# Comic Trouble.



## Loken (Jan 24, 2009)

So I am writing and illustrating a comic that I will post on FA when its done.  But I am running  into some trouble when it comes to where I should go thematically.  I had two goals setting out, first was just developing my skills as an artist.  Secondly I wanted it to basically be a variety of flawed characters in an open world where I could play with issues (political, social, etc...).  But this is where I encounter a problem, I find it hard to take myself seriously enough to write any type of drama.  To the point where I cannot decide on basic character dialog because I always end up thinking it "sounds stupid".  

I also don't know (because of lack of experience) how well a reading audience deals with drastic swings in tone.  One issue being fairly light heart ed and the next being darker that is.  The only thing I can think of that pulled something like this off is Transmetropolitan, and I would like other examples of if these swings can be successful.  Basically I would like to see a kind of scale of how far you can go in each direction without it getting ridiculous.

If anyone can help this artist break into writing it would be greatly appreciated.  Much love, Loken.


----------



## M. LeRenard (Jan 24, 2009)

If you want crazy swings in atmosphere, try watching anything by Shinichiro Watanabe.  It's not writing, but it's anime, which is kind of like manga, which is kind of like what you're trying to do.  In any case, there's a lot of utter craziness mixed in with a dead serious plot, so I think seeing how it's done there could help you out.
As for this:


> To the point where I cannot decide on basic character dialog because I always end up thinking it "sounds stupid".

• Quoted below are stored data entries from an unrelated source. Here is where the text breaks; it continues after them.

lemma card_primes_le_two_mult_square:
  fixes N :: nat
  shows "N \<le> card {p. prime p \<and> p \<le> 2 * N^2}"
proof (rule ccontr)
  assume contra: "\<not> N \<le> card {p. prime p \<and> p \<le> 2 * N^2}"
  define k where "k = N^2"
  define c where "c = card {p. prime p \<and> p \<le> 2 * k}"
  have c: "c + 1 \<le> N" using contra by (simp add: c_def k_def)
  then have N: "1 \<le> N" by simp
  then have k: "1 \<le> k" by (simp add: k_def)
  have "4 ^ k \<le> (2 * k + 1) * (2 * k choose k)" by (rule four_power_le_central_binomial)
  also have "\<dots> \<le> (2 * k + 1) * (2 * k) ^ c"
    by (rule mult_le_mono2) (rule central_binomial_le_power_card_primes[OF k, folded c_def])
  also have "\<dots> \<le> (2 * k + 1) * (2 * k + 1) ^ c" by (rule mult_le_mono2) (rule power_mono; simp)
  also have "\<dots> = (2 * k + 1) ^ (c + 1)" by simp
  also have "\<dots> \<le> (2 * k + 1) ^ N" by (rule power_increasing[OF c]) simp
  also have "\<dots> < (4 ^ N) ^ N"
    using two_mult_square_add_one_less_four_power[OF N] N unfolding k_def by (intro power_strict_mono) auto
  also have "\<dots> = 4 ^ k" unfolding k_def by (simp add: power2_eq_square flip: power_mult)
  finally show False by simp
qed

section \<open>The first \<open>N\<close> primes\<close>

definition prime_index :: "nat \<Rightarrow> nat" where
  "prime_index p = card {q. prime q \<and> q < p}"

lemma prime_index_strict_mono_on: "strict_mono_on {p. prime p} prime_index"
proof (rule strict_mono_onI)
  fix p p' :: nat
  assume "p \<in> {p. prime p}" and "p < p'"
  then have "{q. prime q \<and> q < p} \<subset> {q. prime q \<and> q < p'}" by auto
  then show "prime_index p < prime_index p'"
    unfolding prime_index_def by (rule psubset_card_mono[rotated]) simp
qed

lemma prime_index_two: "prime_index 2 = 0"
proof -
  have "{q. prime q \<and> q < (2::nat)} = {}" using prime_ge_2_nat by (auto simp: not_less)
  then show ?thesis by (simp add: prime_index_def)
qed

lemma ex_prime_index_eq: "\<exists>p. prime p \<and> prime_index p = k"
proof (induction k)
  case 0
  show ?case using prime_index_two by (intro exI[of _ 2]) simp
next
  case (Suc k)
  then obtain p where p: "prime p" "prime_index p = k" by blast
  define p' where "p' = (LEAST q. prime q \<and> p < q)"
  have p': "prime p' \<and> p < p'"
    unfolding p'_def by (rule LeastI_ex) (rule bigger_prime)
  have "p' \<le> q" if "prime q" "p < q" for q
    unfolding p'_def by (rule Least_le) (use that in simp)
  then have "{q. prime q \<and> q < p'} = insert p {q. prime q \<and> q < p}"
    using p p' by (auto simp: not_less[symmetric]) (meson linorder_neqE_nat)
  then have "prime_index p' = Suc k" using p by (simp add: prime_index_def)
  then show ?case using p' by blast
qed

lemma first_primes_conv_prime_index: "first_primes N = {p. prime p \<and> prime_index p < N}"
  by (simp add: first_primes_def prime_index_def)

lemma bij_betw_prime_index_first_primes: "bij_betw prime_index (first_primes N) {..<N}"
proof (rule bij_betw_imageI)
  show "inj_on prime_index (first_primes N)"
    using strict_mono_on_imp_inj_on[OF prime_index_strict_mono_on]
    by (rule inj_on_subset) (auto simp: first_primes_def)
  show "prime_index ` first_primes N = {..<N}"
  proof
    show "prime_index ` first_primes N \<subseteq> {..<N}" by (auto simp: first_primes_conv_prime_index)
    show "{..<N} \<subseteq> prime_index ` first_primes N"
    proof
      fix k assume "k \<in> {..<N}"
      moreover obtain p where "prime p" "prime_index p = k" using ex_prime_index_eq by blast
      ultimately show "k \<in> prime_index ` first_primes N"
        by (intro image_eqI[of _ _ p]) (auto simp: first_primes_conv_prime_index)
    qed
  qed
qed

That's a skill you've just got to build up on your own.  I wrote a thread on the topic of dialogue a while back... you could take a look there and see if you find anything useful.  If it's coming across as unbelievable or stupid, maybe your characters just aren't that interesting.  For example (I'm just making this up on the spot):
"How I have longed for this day.  I shall make you feel twice the pain you have caused me, and I will revel in every minute of your agony!"
Pretty awful, right?  So instead, let's actually give the character a personality:
"This is going to be so nice.  You have no idea.  You know how, when you want something, and you don't get it and you don't get it and you don't get it, and then all of the sudden you have it... you know how good that feels?  Well, hurting you right now is like that.  Only better.  Now shut up and give me your hand for a second."
It's a bit better, I would say, and I hope you agree with me.  You actually get a sense of who this guy is.  Any line of dialogue needs to give that sense.

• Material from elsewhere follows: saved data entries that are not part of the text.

text \<open>A union of at most \<open>k\<close> levels is \<open>k\<close>-Sperner, and in every coordinate \<open>J\<close> its
profile takes either the value \<open>0\<close> or the value of the profile of all subspaces. All profiles
lie in the box between these two functions, so such a profile is a vertex of the box and
hence an extreme point of the polytope.

Conversely, an ordered basis \<open>b\<^sub>1, \<dots>, b\<^sub>n\<close> determines the full flag
\<open>E\<^sub>j = span {b\<^sub>1, \<dots>, b\<^sub>j}\<close>, and at most \<open>k\<close> of the \<open>E\<^sub>j\<close> belong to a \<open>k\<close>-Sperner
family \<open>\<F>\<close>. Since \<open>GL\<^sub>n\<close> acts transitively on the chains of subspaces with a given
dimension set \<open>J\<close> and freely on ordered bases, every such chain is the \<open>J\<close>-part of the flag
of equally many ordered bases. Consequently the profile of \<open>\<F>\<close> is the average, over all
ordered bases, of the profiles of the unions of the levels \<open>j\<close> with \<open>E\<^sub>j \<in> \<F>\<close>; so the
polytope is the convex hull of the level-union profiles and has no other extreme points.\<close>

lemma sum_fun_apply: "(\<Sum>g\<in>A. f g) x = (\<Sum>g\<in>A. f g x)"
  by (induction A rule: infinite_finite_induct) auto

lemma finite_lists_length_eq_Collect: "finite {xs :: 'a::finite list. length xs = n \<and> P xs}"
  by (rule finite_subset[OF _ finite_lists_length_eq[of UNIV n]]) auto

lemma convex_fun_box: "convex {y :: 'i \<Rightarrow> real. \<forall>J. 0 \<le> y J \<and> y J \<le> f J}"
proof (rule convexI, safe)
  fix x y :: "'i \<Rightarrow> real" and u v :: real and J
  assume box: "\<forall>J. 0 \<le> x J \<and> x J \<le> f J" "\<forall>J. 0 \<le> y J \<and> y J \<le> f J"
    and uv: "0 \<le> u" "0 \<le> v" "u + v = 1"
  have "u * x J \<le> u * f J" "v * y J \<le> v * f J"
    using box uv by (simp_all add: mult_left_mono)
  moreover have "u * f J + v * f J = f J"
    using uv by (metis distrib_right mult_1)
  ultimately show "0 \<le> (u *\<^sub>R x + v *\<^sub>R y) J" "(u *\<^sub>R x + v *\<^sub>R y) J \<le> f J"
    using box uv by (simp_all add: scaleR_fun_def)
qed

lemma extreme_point_of_box_vertex:
  fixes S :: "('i \<Rightarrow> real) set"
  assumes box: "S \<subseteq> {y. \<forall>J. 0 \<le> y J \<and> y J \<le> f J}" and "x \<in> S"
    and vertex: "\<And>J. x J = 0 \<or> x J = f J"
  shows "x extreme_point_of S"
  unfolding extreme_point_of_def
proof (intro conjI ballI notI \<open>x \<in> S\<close>)
  fix a b assume ab: "a \<in> S" "b \<in> S" and "x \<in> open_segment a b"
  then obtain u where u: "a \<noteq> b" "0 < u" "u < 1" "x = (1 - u) *\<^sub>R a + u *\<^sub>R b"
    by (auto simp: in_segment)
  have "a J = b J" for J
  proof -
    have x: "x J = (1 - u) * a J + u * b J"
      using u(4) by (simp add: scaleR_fun_def)
    have bounds: "0 \<le> a J" "a J \<le> f J" "0 \<le> b J" "b J \<le> f J"
      using ab box by auto
    have nonneg: "0 \<le> (1 - u) * a J" "0 \<le> u * b J"
        "0 \<le> (1 - u) * (f J - a J)" "0 \<le> u * (f J - b J)"
      using u bounds by simp_all
    consider "x J = 0" | "x J = f J"
      using vertex by blast
    then show ?thesis
    proof cases
      case 1
      then have "(1 - u) * a J = 0" "u * b J = 0"
        using nonneg x by linarith+
      then show ?thesis
        using u(2,3) by simp
    next
      case 2
      then have "(1 - u) * (f J - a J) + u * (f J - b J) = 0"
        using x by (simp add: algebra_simps)
      then have "(1 - u) * (f J - a J) = 0" "u * (f J - b J) = 0"
        using nonneg by linarith+
      then show ?thesis
        using u(2,3) by simp
    qed
  qed
  then show False
    using u(1) by (simp add: fun_eq_iff)
qed

lemma card_preimage_mult_card_eq:
  assumes "finite G" "finite C" "\<phi> ` G \<subseteq> C" "A \<subseteq> C"
    and fibres_le: "\<And>c c'. c \<in> C \<Longrightarrow> c' \<in> C \<Longrightarrow> card {g\<in>G. \<phi> g = c} \<le> card {g\<in>G. \<phi> g = c'}"
  shows "card {g\<in>G. \<phi> g \<in> A} * card C = card G * card A"
proof -
  define s where "s = card {g\<in>G. \<phi> g = (SOME c. c \<in> C)}"
  have fibre: "card {g\<in>G. \<phi> g = c} = s" if "c \<in> C" for c
    using fibres_le[OF that, of "SOME c. c \<in> C"] fibres_le[OF _ that, of "SOME c. c \<in> C"]
      someI[of "\<lambda>c. c \<in> C", OF that] by (simp add: s_def)
  have count: "card {g\<in>G. \<phi> g \<in> B} = card B * s" if "B \<subseteq> C" for B
  proof -
    have "{g\<in>G. \<phi> g \<in> B} = (\<Union>c\<in>B. {g\<in>G. \<phi> g = c})"
      by auto
    also have "card \<dots> = (\<Sum>c\<in>B. card {g\<in>G. \<phi> g = c})"
      using that assms(1,2) finite_subset by (intro card_UN_disjoint) auto
    also have "\<dots> = card B * s"
      using that fibre by (simp add: subset_iff)
    finally show ?thesis .
  qed
  have "G = {g\<in>G. \<phi> g \<in> C}"
    using assms(3) by auto
  then have "card G = card C * s"
    using count[of C] by simp
  then show ?thesis
    using count[OF assms(4)] by simp
qed

lemma vec_dim_psubset:
  fixes A B :: "('a::field^'n) set"
  assumes "vec.subspace A" "vec.subspace B" "A \<subset> B"
  shows "vec.dim A < vec.dim B"
  using assms by (metis vec.dim_psubset vec.span_eq_iff)

lemma sorted_dims_of_chain:
  assumes "is_chain_in F cs" "F \<subseteq> (all_subspaces :: ('a::{finite,field}^'n) set set)"
  shows "sorted_wrt (<) (map vec.dim cs)"
proof -
  have "sorted_wrt (\<lambda>x y. vec.dim x < vec.dim y) cs"
  proof (rule sorted_wrt_mono_rel[of _ "(\<subset>)"])
    show "sorted_wrt (\<subset>) cs"
      using assms(1) by (simp add: is_chain_in_def)
    show "vec.dim x < vec.dim y" if "x \<in> set cs" "y \<in> set cs" "x \<subset> y" for x y
      using assms that vec_dim_psubset[of x y] by (auto simp: is_chain_in_def all_subspaces_def)
  qed
  then show ?thesis
    by (simp add: sorted_wrt_map)
qed

lemma k_sperner_levels:
  assumes "I \<subseteq> {0..CARD('n)}" "card I \<le> k"
  shows "k_sperner k (\<Union>i\<in>I. level i :: ('a::{finite,field}^'n) set set)"
  unfolding k_sperner_def
proof (intro conjI notI)
  show levels_sub: "(\<Union>i\<in>I. level i :: ('a^'n) set set) \<subseteq> all_subspaces"
    by (auto simp: level_def all_subspaces_def)
  assume "\<exists>cs. length cs = k + 1 \<and> is_chain_in (\<Union>i\<in>I. level i :: ('a^'n) set set) cs"
  then obtain cs :: "('a^'n) set list"
    where cs: "length cs = k + 1" "is_chain_in (\<Union>i\<in>I. level i) cs"
    by blast
  have "distinct (map vec.dim cs)"
    using sorted_dims_of_chain[OF cs(2) levels_sub] by (simp add: strict_sorted_iff)
  then have "card (vec.dim ` set cs) = k + 1"
    using cs(1) by (metis distinct_card length_map set_map)
  moreover have "card (vec.dim ` set cs) \<le> card I"
  proof (rule card_mono)
    show "finite I"
      using assms(1) by (rule finite_subset) simp
    show "vec.dim ` set cs \<subseteq> I"
      using cs(2) by (auto simp: is_chain_in_def level_def)
  qed
  ultimately show False
    using assms(2) by simp
qed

The technique here is to worry less about what's being said and worry more about who's saying it.  You get a character who's interesting enough, anything he talks about will be a blast to read, even if it's the study of microeconomics in ancient tribal settings in southeastern Africa.  Get the voice in your head, and transfer that to paper.  Or screen, or whatever.  It should make it both easier to write the dialogue and schnazz it up a bit.
Hopefully that helps a little.


----------



## Tanzenlicht (Jan 25, 2009)

One of the artistic skills you're honing in doing a comic is dialogue.  You just have to do it and then you'll be better at it next time, exactly like the drawing.

As for the comedy/drama thing, life has both, so if you're handling it realistically it shouldn't be a problem.  If you have wacky, silly elements they're going to stick out when you swing on over into the dramatic bits.  If you have good characters then sometimes they'll be funny and sometimes they'll be dramatic.


----------



## foozzzball (Jan 25, 2009)

Also: Transmetropolitan is essentially dealing with a dead serious character in Spider, in a completely absurd and satirical world.

The characters are real, the world is not.


----------